Lexi settled into her seat, reminding herself that the hard part was over. They had already made it through half the evening without Melrose blowing her cover and now they would just have to sit through a few hours of watching the Celtic Breeze Steppers, an Irish dance troupe. In a single day she had treated Melrose to a luxurious bubble bath and a fresh change of clothes while Aunt Roz and Kevin were at the planetarium, a delicious home-cooked meal, access to the brownstone roof in case of emergency, and now a fun night out at a New York landmark. Mission accomplished and then some! After being mistaken for homeless herself, how could Lexi not do a few good deeds for someone in need? She should feel fantastic. So why, instead, was she squirming in her seat and anxiously rubbing her opal?
“Oh, check out the bling.” Melrose zeroed in on Lexi’s opal necklace. “That stone real?”
“Yeah. My mom gave me this a few years before she died.”
“Well, that really sucks. I mean, the dyin’ part. Gum?” she said, offering a limp stick. “It’s Cinnamint.” She blew her minty breath right into Lexi’s fac
e as a sample.
Lexi winced. “Nuh-uh. Where’d you get gum?” As soon as she said it, she wondered if it came off as an insult, like a runaway couldn’t afford such a luxury.
“Your pants pocket. Or your capris, as you called them,” Melrose said mockingly. She crossed her legs, foot over knee like a man, and waggled her ankle fiercely. “Listen, I know there’s somethin’ you ain’t tellin’ me.” Now she was staring Lexi up and down. “Why’d you really wanna hook up in Grand Central? C’mon, the truth?”
Whoa. That one came out of left field. “Um—my friend wanted some info for her story, like we said. And please keep your voice down.”
“And now—I mean, what’s in all this for you? Why’re you bendin’ over backward for me?”
“Just ‘cause.”
Nobody wants to hear that you feel incredibly sorry for them and you’re afraid for their lives. Lexi turned away to check out the audience, wondering what had gotten into Melrose—and what had she found out?
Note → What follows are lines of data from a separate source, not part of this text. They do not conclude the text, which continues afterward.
lemma not_strongly_disjoint_if_not_connected:
  fixes \<beta> :: "'b::finite \<Rightarrow> 'b \<Rightarrow> real" and v1 v2 :: 'b
  assumes \<alpha>: "weight_fun \<alpha>" "fully_supported \<alpha>" "\<not> graph_connected \<alpha>"
    and \<beta>: "weight_fun \<beta>" "diagonal \<beta>" "fully_supported \<beta>" and "v1 \<noteq> v2"
  shows "\<not> strongly_disjoint \<alpha> \<beta>"
proof -
  obtain g where g_invariant: "\<And>u u'. \<alpha> u u' \<noteq> 0 \<Longrightarrow> g u = g u'"
    and g_mean: "(\<Sum>u\<in>UNIV. deg \<alpha> u * g u) = 0"
    and g_bound: "\<And>u. \<bar>g u\<bar> \<le> 1" and g_nonzero: "\<And>u. g u \<noteq> 0"
    using not_connected_obtains_invariant_function[OF \<alpha>] by blast
  have q_pos: "0 < \<beta> v v" for v
    using \<beta>(2,3) deg_diagonal unfolding fully_supported_def by metis
  define c where "c = min (\<beta> v1 v1) (\<beta> v2 v2)"
  define e :: "'b \<Rightarrow> real" where "e v = of_bool (v = v1) - of_bool (v = v2)" for v
  define f where "f v u = \<beta> v v + c * e v * g u" for v u
  have "c > 0"
    using q_pos unfolding c_def by simp
  have "0 \<le> f v u" for v u
  proof -
    have "\<bar>c * g u\<bar> \<le> c"
      using g_bound[of u] \<open>c > 0\<close> by (simp add: abs_mult mult_left_le)
    moreover have "c \<le> \<beta> v1 v1" "c \<le> \<beta> v2 v2"
      unfolding c_def by simp_all
    ultimately show ?thesis
      using q_pos[of v] \<open>v1 \<noteq> v2\<close> unfolding f_def e_def by (auto simp: abs_le_iff)
  qed
  moreover have "f v u = f v u'" if "\<alpha> u u' \<noteq> 0" for u u' v
    using g_invariant[OF that] unfolding f_def by simp
  moreover have "(\<Sum>v\<in>UNIV. f v u) = 1" for u
  proof -
    have "(\<Sum>v\<in>UNIV. \<beta> v v) = 1"
      using sum_deg[OF \<beta>(1)] deg_diagonal[OF \<beta>(2)] by simp
    moreover have "(\<Sum>v\<in>UNIV. e v) = 0"
      unfolding e_def by (simp add: sum_subtractf)
    ultimately show ?thesis
      unfolding f_def sum.distrib sum_distrib_right[symmetric] sum_distrib_left[symmetric]
      by simp
  qed
  moreover have "(\<Sum>u\<in>UNIV. deg \<alpha> u * f v u) = \<beta> v v" for v
  proof -
    have "(\<Sum>u\<in>UNIV. deg \<alpha> u * f v u)
        = \<beta> v v * (\<Sum>u\<in>UNIV. deg \<alpha> u) + c * e v * (\<Sum>u\<in>UNIV. deg \<alpha> u * g u)"
      unfolding f_def by (simp add: sum.distrib sum_distrib_left algebra_simps)
    then show ?thesis
      using sum_deg[OF \<alpha>(1)] g_mean by simp
  qed
  ultimately have "weight_joining \<alpha> \<beta> (layered \<alpha> f)"
    using weight_joining_layered[OF \<alpha>(1) \<beta>(2)] by blast
  moreover obtain u u' where "\<alpha> u u' \<noteq> 0"
    using fully_supported_has_neighbour[OF \<alpha>(2)] by metis
  then have "layered \<alpha> f (u, v1) (u', v1) \<noteq> tensor \<alpha> \<beta> (u, v1) (u', v1)"
    using \<open>c > 0\<close> g_nonzero[of u] \<open>v1 \<noteq> v2\<close> unfolding layered_def tensor_def f_def e_def by simp
  ultimately show ?thesis
    unfolding strongly_disjoint_def by metis
qed

theorem connected_iff_strongly_disjoint_diagonal:
  fixes \<beta> :: "'b::finite \<Rightarrow> 'b \<Rightarrow> real" and v1 v2 :: 'b
  assumes "weight_fun \<alpha>" "fully_supported \<alpha>"
    and "weight_fun \<beta>" "diagonal \<beta>" "fully_supported \<beta>" and "v1 \<noteq> v2"
  shows "graph_connected \<alpha> \<longleftrightarrow> strongly_disjoint \<alpha> \<beta>"
  using strongly_disjoint_if_connected[OF assms(1,2) _ assms(4,5)]
    not_strongly_disjoint_if_not_connected[OF assms(1,2) _ assms(3-6)] by blast

theorem proposition7p2:
  fixes \<alpha> :: "'u::finite \<Rightarrow> 'u \<Rightarrow> real"
  assumes "weight_fun \<alpha>" and "fully_supported \<alpha>"
  shows "(graph_connected \<alpha> \<longleftrightarrow> (\<exists>\<beta>. in_family_H \<beta> \<and> strongly_disjoint \<alpha> \<beta>))
       \<and> ((\<exists>\<beta>. in_family_H \<beta> \<and> strongly_disjoint \<alpha> \<beta>) \<longleftrightarrow> (\<forall>\<beta>. in_family_H \<beta> \<longrightarrow> strongly_disjoint \<alpha> \<beta>))"
proof -
  have "in_family_H (\<lambda>x y. if x = y then 1 / 2 else 0)"
    unfolding in_family_H_def weight_fun_def by (simp add: UNIV_bool)
  moreover have "graph_connected \<alpha> \<longleftrightarrow> strongly_disjoint \<alpha> \<beta>" if "in_family_H \<beta>" for \<beta>
    using connected_iff_strongly_disjoint_diagonal[OF assms, of \<beta> True False] that
    unfolding in_family_H_iff by blast
  ultimately show ?thesis
    by blast
qed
Over the stadium of chattering heads, Lexi spotted a sea of green flooding into the rear seats. A busload of Celtic Breeze fans maybe? But why’re they all so short? Leprechauns? She could make out the faint outline of trees on their T-shirts. Their puke-green T-shirts! No way! Not again! Her nails dug hard into the armrest, which actually turned out to be Kevin’s arm.
“Ow!”
“Don’t look now but this place is crawling with City Campers!” she whispered to him. “What’re they doing out at night? Do not turn around.”
Lexi had to think of something fast. If her aunt found out that she had been ditching camp, it would get back to her dad and she would be grounded until she was forty.
“Switch seats with me, Kev, switch seats!”
They scrambled over each other and Lexi slid into the seat next to Aunt Roz. Of course Kevin couldn’t resist turning around, and when he saw all the campers he gasped. Luckily, Aunt Roz was too busy powdering her nose to notice.
Lexi sat desperately fingering her curls, not knowing what to do until she spotted the glint of a single blue rhinestone. It was coming from her aunt’s glasses, which were jutting out of her program on her lap. The lights dimmed and—Oh, God, please forgive me for what I’m about to do!—Lexi faked a sneeze and snatched the glasses.